Given a list called outlines containing tuples: (level, title), create a nested dictionary with depth based on the level and key value based on the title.

Example list:
[(1, Abstract)
(2, Background)
(2, Methods)
(2, Results)
(3, Statistics)
(3, Images)
(1, Introduction)]

This should output:

{
"Abstract": {
    "Background": {}, 
    "Methods": {}, 
    "Results": {
        "Statistics": {},
        "Images": {}
    }
},
"Introduction": {}
}

So far I've tried a recursive solution but so far has resulted in untraceable erroneous behavior. This is the best solution I've come up with so far, but I have trouble preventing duplicates in different levels due to the predefined for-loop:

def structure(outlines, current_level=1, previous_title=''):
    section = dict()
    for i, (level, title) in enumerate(outlines):
        if level == current_level:
            section[title] = {}
            previous_title = title
        elif level > current_level:
            section[previous_title] = structure(outlines[i:], level)
        elif level < current_level:
            pass # Unknown
    return section

Any tips?

Answer 1

Assuming that the order matters then this would work:

generator = [
    (1, 'Abstract'),
    (2, 'Background'),
    (2, 'Methods'),
    (2, 'Results'),
    (3, 'Statistics'),
    (3, 'Images'),
    (1, 'Introduction')
]

# keep track of latest place in the dict
current_tree = []

# dict that you want to generate
d = {}

for i, value in generator:

    # if this, then you are at the highest level
    # so just add your value at the top
    if current_tree==[] or i==1:
        d[value] = {}
        current_tree = [value]

    # otherwise go back in the tree and add your value
    else:

        tmp_d = d
        for key in current_tree[:i-1]:
            tmp_d = tmp_d[key]

        tmp_d[value] = {}

        current_tree = current_tree[:i] + [value]

This returns:

{'Abstract': {'Background': {'Images': {}, 'Statistics': {}},
              'Methods': {},
              'Results': {}},
 'Introduction': {}}

Answer 2

This is my recursive solution:

import json
inlist = [
    (1, "Abstract"),
    (2, "Background"),
    (2, "Methods"),
    (2, "Results"),
    (3, "Statistics"),
    (3, "Images"),
    (1, "Introduction"),
]

out = dict()
# IMPORTANT: Dictionaries are ordered in Python 3.6 (under the CPython implementation at least) unlike in previous incarnations.
def addElem(dest_level, new_elem, current_container, current_level=1):
    # list(current_container.keys())[-1] gets the most recently added element at the current level.
    if (current_level < dest_level):
        addElem(dest_level, new_elem, current_container[list(current_container.keys())[-1]], current_level+1)
    else:
        current_container[new_elem] = dict()

for el in inlist:
    addElem(el[0], el[1], out)

print(json.dumps(out, indent=2))

Output:

{
  "Abstract": {
    "Background": {},
    "Methods": {},
    "Results": {
      "Statistics": {},
      "Images": {}
    }
  },
  "Introduction": {}
}

Answer 3

We already have a working solution thanks to John R. Paul, but I wanted a solution which doesn't rely on dictionaries being ordered. As an added bonus, the solution is non-recursive (although John R. Paul's solution is tail-recursive and thus can be trivially rewritten to use a while loop).
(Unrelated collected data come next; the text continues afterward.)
lemma holomorphic_ext_atE:
  assumes "holomorphic_ext_at f x"
  obtains r g where "r > 0" "g holomorphic_on ball (complex_of_real x) r"
    "\<And>y. \<bar>y - x\<bar> < r \<Longrightarrow> g (of_real y) = of_real (f y)"
  using assms unfolding holomorphic_ext_at_def by blast

lemma of_real_in_ball_iff:
  "complex_of_real a \<in> ball (complex_of_real b) r \<longleftrightarrow> \<bar>a - b\<bar> < r"
  by (simp add: dist_of_real dist_real_def abs_minus_commute)

lemma real_analytic_at_imp_holomorphic_ext:
  assumes "real_analytic_at f x"
  shows "holomorphic_ext_at f x"
proof -
  obtain r c where r: "r > 0"
    and c: "\<And>y. \<bar>y - x\<bar> < r \<Longrightarrow> (\<lambda>n. c n * (y - x) ^ n) sums f y"
    using assms unfolding real_analytic_at_def by blast
  define g where "g w = (\<Sum>n. complex_of_real (c n) * (w - of_real x) ^ n)" for w
  have sums_g: "(\<lambda>n. complex_of_real (c n) * (w - of_real x) ^ n) sums g w"
    if "w \<in> ball (of_real x) r" for w
  proof -
    define \<rho> where "\<rho> = (norm (w - of_real x) + r) / 2"
    have \<rho>: "norm (w - of_real x) < \<rho>" "\<rho> < r"
      using that by (auto simp: \<rho>_def dist_norm norm_minus_commute)
    moreover have "0 < \<rho>"
      using \<rho>(1) norm_ge_zero[of "w - of_real x"] by linarith
    ultimately have "\<bar>(x + \<rho>) - x\<bar> < r" by simp
    from c[OF this] have "summable (\<lambda>n. c n * \<rho> ^ n)"
      by (simp add: sums_iff)
    then have "summable (\<lambda>n. complex_of_real (c n * \<rho> ^ n))"
      by (rule summable_of_real)
    then have "summable (\<lambda>n. complex_of_real (c n) * (w - of_real x) ^ n)"
      using powser_inside[of "\<lambda>n. complex_of_real (c n)" "of_real \<rho>"] \<rho> by simp
    then show ?thesis unfolding g_def by (simp add: summable_sums)
  qed
  have "g holomorphic_on ball (of_real x) r"
    by (rule power_series_holomorphic) (use sums_g in auto)
  moreover have "g (of_real y) = of_real (f y)" if "\<bar>y - x\<bar> < r" for y
  proof -
    have "(\<lambda>n. complex_of_real (c n * (y - x) ^ n)) sums of_real (f y)"
      using c[OF that] by (subst sums_of_real_iff)
    moreover have "(\<lambda>n. complex_of_real (c n * (y - x) ^ n)) sums g (of_real y)"
      using sums_g[of "of_real y"] that by (simp add: dist_real_def abs_minus_commute)
    ultimately show ?thesis using sums_unique2 by blast
  qed
  ultimately show ?thesis unfolding holomorphic_ext_at_def using r by blast
qed

lemma holomorphic_ext_real_derivative:
  assumes hol: "g holomorphic_on ball (complex_of_real x) r"
    and ext: "\<And>y. \<bar>y - x\<bar> < r \<Longrightarrow> g (of_real y) = of_real (f y)"
    and y: "\<bar>y - x\<bar> < r"
  shows "(f has_real_derivative Re (deriv g (of_real y))) (at y)"
    and "deriv g (of_real y) = of_real (Re (deriv g (of_real y)))"
proof -
  have "(g has_field_derivative deriv g (of_real y)) (at (of_real y))"
    using holomorphic_derivI[OF hol open_ball, of "of_real y"] y
    by (simp add: dist_real_def abs_minus_commute)
  then have vd: "((\<lambda>t. g (of_real t)) has_vector_derivative deriv g (of_real y)) (at y)"
    using has_vector_derivative_real_field by blast
  have yS: "y \<in> ball x r" using y by (simp add: dist_real_def abs_minus_commute)
  have on_ball: "Re (g (of_real t)) = f t" "Im (g (of_real t)) = 0" if "t \<in> ball x r" for t
    using ext that by (simp_all add: dist_real_def abs_minus_commute)
  show "(f has_real_derivative Re (deriv g (of_real y))) (at y)"
    using has_field_derivative_transform_within_open[OF has_field_derivative_Re[OF vd]
        open_ball yS on_ball(1)] .
  have "((\<lambda>t. 0::real) has_real_derivative Im (deriv g (of_real y))) (at y)"
    using has_field_derivative_transform_within_open[OF has_field_derivative_Im[OF vd]
        open_ball yS on_ball(2)] .
  then have "Im (deriv g (of_real y)) = 0"
    using DERIV_unique DERIV_const by blast
  then show "deriv g (of_real y) = of_real (Re (deriv g (of_real y)))"
    by (simp add: complex_eq_iff)
qed

lemma holomorphic_ext_higher_deriv:
  assumes hol: "g holomorphic_on ball (complex_of_real x) r"
    and ext: "\<And>y. \<bar>y - x\<bar> < r \<Longrightarrow> g (of_real y) = of_real (f y)"
  shows "\<bar>y - x\<bar> < r \<Longrightarrow> (deriv ^^ n) g (of_real y) = of_real ((deriv ^^ n) f y)"
proof (induction n arbitrary: y)
  case 0
  then show ?case using ext by simp
next
  case (Suc n)
  have hol_n: "(deriv ^^ n) g holomorphic_on ball (of_real x) r"
    by (rule holomorphic_higher_deriv[OF hol open_ball])
  have "((deriv ^^ n) f has_real_derivative Re (deriv ((deriv ^^ n) g) (of_real y))) (at y)"
    and "deriv ((deriv ^^ n) g) (of_real y) = of_real (Re (deriv ((deriv ^^ n) g) (of_real y)))"
    using holomorphic_ext_real_derivative[OF hol_n Suc.IH Suc.prems] by blast+
  then show ?case by (simp add: DERIV_imp_deriv)
qed

lemma holomorphic_ext_DERIV:
  assumes "holomorphic_ext_at f x"
  shows "(f has_real_derivative deriv f x) (at x)"
proof -
  obtain r g where "r > 0" "g holomorphic_on ball (complex_of_real x) r"
    "\<And>y. \<bar>y - x\<bar> < r \<Longrightarrow> g (of_real y) = of_real (f y)"
    using holomorphic_ext_atE[OF assms] by blast
  from holomorphic_ext_real_derivative(1)[OF this(2,3), of x] \<open>r > 0\<close> show ?thesis
    by (metis DERIV_imp_deriv abs_0 diff_self)
qed

lemma holomorphic_ext_isCont: "holomorphic_ext_at f x \<Longrightarrow> isCont f x"
  using holomorphic_ext_DERIV DERIV_isCont by blast

lemma holomorphic_ext_deriv:
  assumes "holomorphic_ext_at f x"
  shows "holomorphic_ext_at (deriv f) x"
proof -
  obtain r g where r: "r > 0" and hol: "g holomorphic_on ball (complex_of_real x) r"
    and ext: "\<And>y. \<bar>y - x\<bar> < r \<Longrightarrow> g (of_real y) = of_real (f y)"
    using holomorphic_ext_atE[OF assms] by blast
  have "deriv g holomorphic_on ball (complex_of_real x) r"
    using holomorphic_deriv[OF hol open_ball] .
  moreover have "deriv g (of_real y) = of_real (deriv f y)" if "\<bar>y - x\<bar> < r" for y
    using holomorphic_ext_higher_deriv[OF hol ext that, of 1] by simp
  ultimately show ?thesis unfolding holomorphic_ext_at_def using r by blast
qed

lemma holomorphic_ext_const: "holomorphic_ext_at (\<lambda>_. c) x"
  unfolding holomorphic_ext_at_def
  by (intro exI[of _ 1] conjI exI[of _ "\<lambda>_. complex_of_real c"]) auto

lemma holomorphic_ext_ident: "holomorphic_ext_at (\<lambda>t. t) x"
  unfolding holomorphic_ext_at_def
  by (intro exI[of _ 1] conjI exI[of _ "\<lambda>z. z"]) auto

lemma holomorphic_ext_at_common_radius:
  assumes "holomorphic_ext_at f x" "holomorphic_ext_at g x"
  obtains r F G where "r > 0"
    "F holomorphic_on ball (complex_of_real x) r" "G holomorphic_on ball (complex_of_real x) r"
    "\<And>y. \<bar>y - x\<bar> < r \<Longrightarrow> F (of_real y) = of_real (f y)"
    "\<And>y. \<bar>y - x\<bar> < r \<Longrightarrow> G (of_real y) = of_real (g y)"
proof -
  obtain r1 F where "r1 > 0" and F: "F holomorphic_on ball (complex_of_real x) r1"
    and "\<And>y. \<bar>y - x\<bar> < r1 \<Longrightarrow> F (of_real y) = of_real (f y)"
    using holomorphic_ext_atE[OF assms(1)] by blast
  moreover obtain r2 G where "r2 > 0" and G: "G holomorphic_on ball (complex_of_real x) r2"
    and "\<And>y. \<bar>y - x\<bar> < r2 \<Longrightarrow> G (of_real y) = of_real (g y)"
    using holomorphic_ext_atE[OF assms(2)] by blast
  moreover have "F holomorphic_on ball (complex_of_real x) (min r1 r2)"
    "G holomorphic_on ball (complex_of_real x) (min r1 r2)"
    by (auto intro: holomorphic_on_subset[OF F] holomorphic_on_subset[OF G])
  ultimately show ?thesis using that[of "min r1 r2" F G] by simp
qed

lemma holomorphic_ext_lincomb:
  assumes "holomorphic_ext_at f x" "holomorphic_ext_at g x"
  shows "holomorphic_ext_at (\<lambda>y. a * f y + b * g y) x"
proof -
  obtain r F G where "r > 0" "F holomorphic_on ball (complex_of_real x) r"
    "G holomorphic_on ball (complex_of_real x) r"
    and F: "\<And>y. \<bar>y - x\<bar> < r \<Longrightarrow> F (of_real y) = of_real (f y)"
    and G: "\<And>y. \<bar>y - x\<bar> < r \<Longrightarrow> G (of_real y) = of_real (g y)"
    using holomorphic_ext_at_common_radius[OF assms] by blast
  moreover have "(\<lambda>z. of_real a * F z + of_real b * G z) holomorphic_on ball (complex_of_real x) r"
    by (intro holomorphic_intros) fact+
  moreover have "of_real a * F (of_real y) + of_real b * G (of_real y) = of_real (a * f y + b * g y)"
    if "\<bar>y - x\<bar> < r" for y
    using F[OF that] G[OF that] by simp
  ultimately show ?thesis unfolding holomorphic_ext_at_def by blast
qed

lemma holomorphic_ext_mult:
  assumes "holomorphic_ext_at f x" "holomorphic_ext_at g x"
  shows "holomorphic_ext_at (\<lambda>y. f y * g y) x"
proof -
  obtain r F G where "r > 0" "F holomorphic_on ball (complex_of_real x) r"
    "G holomorphic_on ball (complex_of_real x) r"
    and F: "\<And>y. \<bar>y - x\<bar> < r \<Longrightarrow> F (of_real y) = of_real (f y)"
    and G: "\<And>y. \<bar>y - x\<bar> < r \<Longrightarrow> G (of_real y) = of_real (g y)"
    using holomorphic_ext_at_common_radius[OF assms] by blast
  moreover have "(\<lambda>z. F z * G z) holomorphic_on ball (complex_of_real x) r"
    by (intro holomorphic_intros) fact+
  moreover have "F (of_real y) * G (of_real y) = of_real (f y * g y)" if "\<bar>y - x\<bar> < r" for y
    using F[OF that] G[OF that] by simp
  ultimately show ?thesis unfolding holomorphic_ext_at_def by blast
qed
def add_all(generator_of_pairs):
    stack = [{}]
    for (level, name) in generator_of_pairs:
        del stack[level:]
        new_dict = {}
        stack[level - 1][name] = new_dict
        stack.append(new_dict)
    return stack[0]

Note that this solution assumes that nesting levels cannot increase by more than 1 from 1 element to the next - but hopefully it should be obvious that this assumption is necessary.